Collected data
○ ○ ○
(* Let $S=(|S|,\preccurlyeq,E)$, where $|S|$ is a finite set, $\preccurlyeq$ is a partial ordering on $|S|$, and $E$ is a set of unordered pairs of distinct elements of $|S|$. Let $c$ be the number of connected components of the Hasse diagram of the poset $(|S|,\preccurlyeq)$. For each integer $n\ge 0$ let $C(S,n)$ be the number of maps $\varphi:|S|\to\{1,\dots,n\}$ that are isotone (i.e. $x\preccurlyeq y\Rightarrow \varphi(x)\le\varphi(y)$) and satisfy $\varphi(x)\neq\varphi(y)$ whenever $\{x,y\}\in E$. Then there is a polynomial $f\in\mathbb{Q}[t]$ with $C(S,n)=f(n)$ for all integers $n\ge 0$, and every prime dividing the denominator of a coefficient of $f$ (written in lowest terms) is $\le \mathrm{card}(|S|)-c+1$.
   Context: The Hasse diagram of a finite poset is the graph on its elements in which $x,y$ are adjacent iff one covers the other ($y$ covers $x$ means $x\preccurlyeq y$, $x\ne y$, and there is no $z$ distinct from both with $x\preccurlyeq z\preccurlyeq y$). *)

theory Defs
  imports Main "HOL-Library.FuncSet" "HOL-Computational_Algebra.Polynomial"
    "HOL-Computational_Algebra.Primes"
begin

definition covers :: "'a set \<Rightarrow> ('a \<times> 'a) set \<Rightarrow> 'a \<Rightarrow> 'a \<Rightarrow> bool" where
  "covers S r x y \<longleftrightarrow> x \<in> S \<and> y \<in> S \<and> (x, y) \<in> r \<and> x \<noteq> y \<and>
     \<not> (\<exists>z\<in>S. z \<noteq> x \<and> z \<noteq> y \<and> (x, z) \<in> r \<and> (z, y) \<in> r)"

definition hasse_edges :: "'a set \<Rightarrow> ('a \<times> 'a) set \<Rightarrow> ('a \<times> 'a) set" where
  "hasse_edges S r = {(x, y). covers S r x y \<or> covers S r y x}"

definition hasse_components :: "'a set \<Rightarrow> ('a \<times> 'a) set \<Rightarrow> nat" where
  "hasse_components S r = card (S // ((hasse_edges S r)\<^sup>*))"

definition colorings :: "'a set \<Rightarrow> ('a \<times> 'a) set \<Rightarrow> 'a set set \<Rightarrow> nat \<Rightarrow> nat" where
  "colorings S r E n = card {\<phi> \<in> S \<rightarrow>\<^sub>E {1..n}.
      (\<forall>x\<in>S. \<forall>y\<in>S. (x, y) \<in> r \<longrightarrow> \<phi> x \<le> \<phi> y) \<and>
      (\<forall>x y. {x, y} \<in> E \<longrightarrow> \<phi> x \<noteq> \<phi> y)}"

end

theory Submission
  imports Defs
begin

text \<open>
  Deletion--contraction on the pairs in \<open>E\<close> writes \<open>C(S,n)\<close> as a signed sum of numbers of
  isotone maps that are constant on prescribed pairs \<open>Q\<close>. Such a number factors over the
  connected components of the graph spanned by the order and by \<open>Q\<close>. On one component \<open>T\<close>,
  grouping the maps by their image gives \<open>\<Sum>\<^sub>k m\<^sub>k (n choose k)\<close>, where \<open>m\<^sub>k\<close> counts the
  maps onto a \<open>k\<close>-element chain, so only the primes dividing \<open>k!\<close> for attainable image sizes
  \<open>k\<close> occur in denominators. Build \<open>T\<close> one Hasse component at a time: each new one is
  attached by a \<open>Q\<close>-edge, hence shares a value with the part already built, so
  \<open>|\<phi>(T)| + #(Hasse components meeting T) \<le> |T| + 1\<close>. As every Hasse component outside \<open>T\<close>
  has at least one element, \<open>|\<phi>(T)| \<le> |S| - c + 1\<close>.
\<close>

section \<open>Rationals with smooth denominators\<close>

text \<open>Equivalently, every prime factor of the denominator of \<open>q\<close> is at most \<open>B\<close>.\<close>

definition smooth_denom :: "nat \<Rightarrow> rat \<Rightarrow> bool" where
  "smooth_denom B q \<longleftrightarrow> (\<exists>k z. q * fact B ^ k = of_int z)"

lemma smooth_denom_of_int [simp]: "smooth_denom B (of_int z)"
  unfolding smooth_denom_def by (rule exI[of _ 0]) auto

lemma smooth_denom_0 [simp]: "smooth_denom B 0"
  and smooth_denom_1 [simp]: "smooth_denom B 1"
  and smooth_denom_of_nat [simp]: "smooth_denom B (of_nat m)"
  using smooth_denom_of_int[of B 0] smooth_denom_of_int[of B 1] smooth_denom_of_int[of B "int m"]
  by simp_all

lemma smooth_denom_add:
  assumes "smooth_denom B a" "smooth_denom B b"
  shows "smooth_denom B (a + b)"
proof -
  from assms obtain k l y z where a: "a * fact B ^ k = of_int y" and b: "b * fact B ^ l = of_int z"
    unfolding smooth_denom_def by blast
  have "(a + b) * fact B ^ (k + l) = of_int (y * fact B ^ l + z * fact B ^ k)"
    by (simp add: power_add algebra_simps flip: a b)
  then show ?thesis
    unfolding smooth_denom_def by blast
qed

lemma smooth_denom_mult:
  assumes "smooth_denom B a" "smooth_denom B b"
  shows "smooth_denom B (a * b)"
proof -
  from assms obtain k l y z where a: "a * fact B ^ k = of_int y" and b: "b * fact B ^ l = of_int z"
    unfolding smooth_denom_def by blast
  have "(a * b) * fact B ^ (k + l) = of_int (y * z)"
    by (simp add: power_add algebra_simps flip: a b)
  then show ?thesis
    unfolding smooth_denom_def by blast
qed

lemma smooth_denom_uminus: "smooth_denom B a \<Longrightarrow> smooth_denom B (- a)"
  using smooth_denom_mult[of B "-1" a] smooth_denom_of_int[of B "-1"] by simp

lemma smooth_denom_diff: "smooth_denom B a \<Longrightarrow> smooth_denom B b \<Longrightarrow> smooth_denom B (a - b)"
  using smooth_denom_add[of B a "- b"] smooth_denom_uminus[of B b] by simp

lemma smooth_denom_sum: "(\<And>i. i \<in> A \<Longrightarrow> smooth_denom B (f i)) \<Longrightarrow> smooth_denom B (\<Sum>i\<in>A. f i)"
  by (induction A rule: infinite_finite_induct) (auto intro: smooth_denom_add)

lemma smooth_denom_inverse_fact:
  assumes "k \<le> B"
  shows "smooth_denom B (1 / fact k)"
proof -
  obtain m :: int where "fact B = fact k * m"
    using fact_dvd[OF assms] by blast
  then have "1 / fact k * fact B ^ 1 = (of_int m :: rat)"
    by (metis fact_nonzero nonzero_divide_eq_eq of_int_fact of_int_mult power_one_right times_divide_eq_left mult_1)
  then show ?thesis
    unfolding smooth_denom_def by blast
qed

lemma prime_dvd_denom_le:
  assumes "smooth_denom B q" "prime p" "int p dvd snd (quotient_of q)"
  shows "p \<le> B"
proof -
  obtain a b where ab: "quotient_of q = (a, b)"
    by (cases "quotient_of q")
  have "b > 0" "coprime a b" "q = of_int a / of_int b"
    using ab quotient_of_denom_pos quotient_of_coprime quotient_of_div by blast+
  from assms(1) obtain k z where z: "q * fact B ^ k = of_int z"
    unfolding smooth_denom_def by blast
  have "of_int (a * fact B ^ k) = q * of_int b * fact B ^ k"
    using \<open>b > 0\<close> \<open>q = _\<close> by simp
  also have "\<dots> = of_int (z * b)"
    by (simp add: z mult.commute mult.left_commute)
  finally have "of_int (a * fact B ^ k) = (of_int (z * b) :: rat)" .
  then have "b dvd a * fact B ^ k"
    by (metis dvd_triv_right of_int_eq_iff)
  with \<open>coprime a b\<close> have "b dvd fact B ^ k"
    by (metis coprime_commute coprime_dvd_mult_right_iff)
  with assms(3) ab have "int p dvd fact B ^ k"
    by (auto dest: dvd_trans)
  then have "p dvd fact B"
    by (metis assms(2) int_dvd_int_iff of_nat_fact of_nat_power prime_dvd_power)
  with assms(2) show ?thesis
    using prime_dvd_fact_iff by blast
qed

definition smooth_poly :: "nat \<Rightarrow> rat poly \<Rightarrow> bool" where
  "smooth_poly B f \<longleftrightarrow> (\<forall>i. smooth_denom B (coeff f i))"

lemma smooth_poly_0 [simp]: "smooth_poly B 0"
  by (simp add: smooth_poly_def)

lemma smooth_poly_pCons_iff [simp]: "smooth_poly B (pCons a f) \<longleftrightarrow> smooth_denom B a \<and> smooth_poly B f"
  unfolding smooth_poly_def by (metis coeff_pCons_0 coeff_pCons_Suc not0_implies_Suc)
○ ○ ○
Leave out every line above except those from the line with "(S // ((hasse_edges" up to and including the line with "(\<forall>x\<in>S. \<forall>y\<in>S. (x, y)", and copy those exactly.

> RESULT FOR THIS TASK
  "hasse_components S r = card (S // ((hasse_edges S r)\<^sup>*))"

definition colorings :: "'a set \<Rightarrow> ('a \<times> 'a) set \<Rightarrow> 'a set set \<Rightarrow> nat \<Rightarrow> nat" where
  "colorings S r E n = card {\<phi> \<in> S \<rightarrow>\<^sub>E {1..n}.
      (\<forall>x\<in>S. \<forall>y\<in>S. (x, y) \<in> r \<longrightarrow> \<phi> x \<le> \<phi> y) \<and>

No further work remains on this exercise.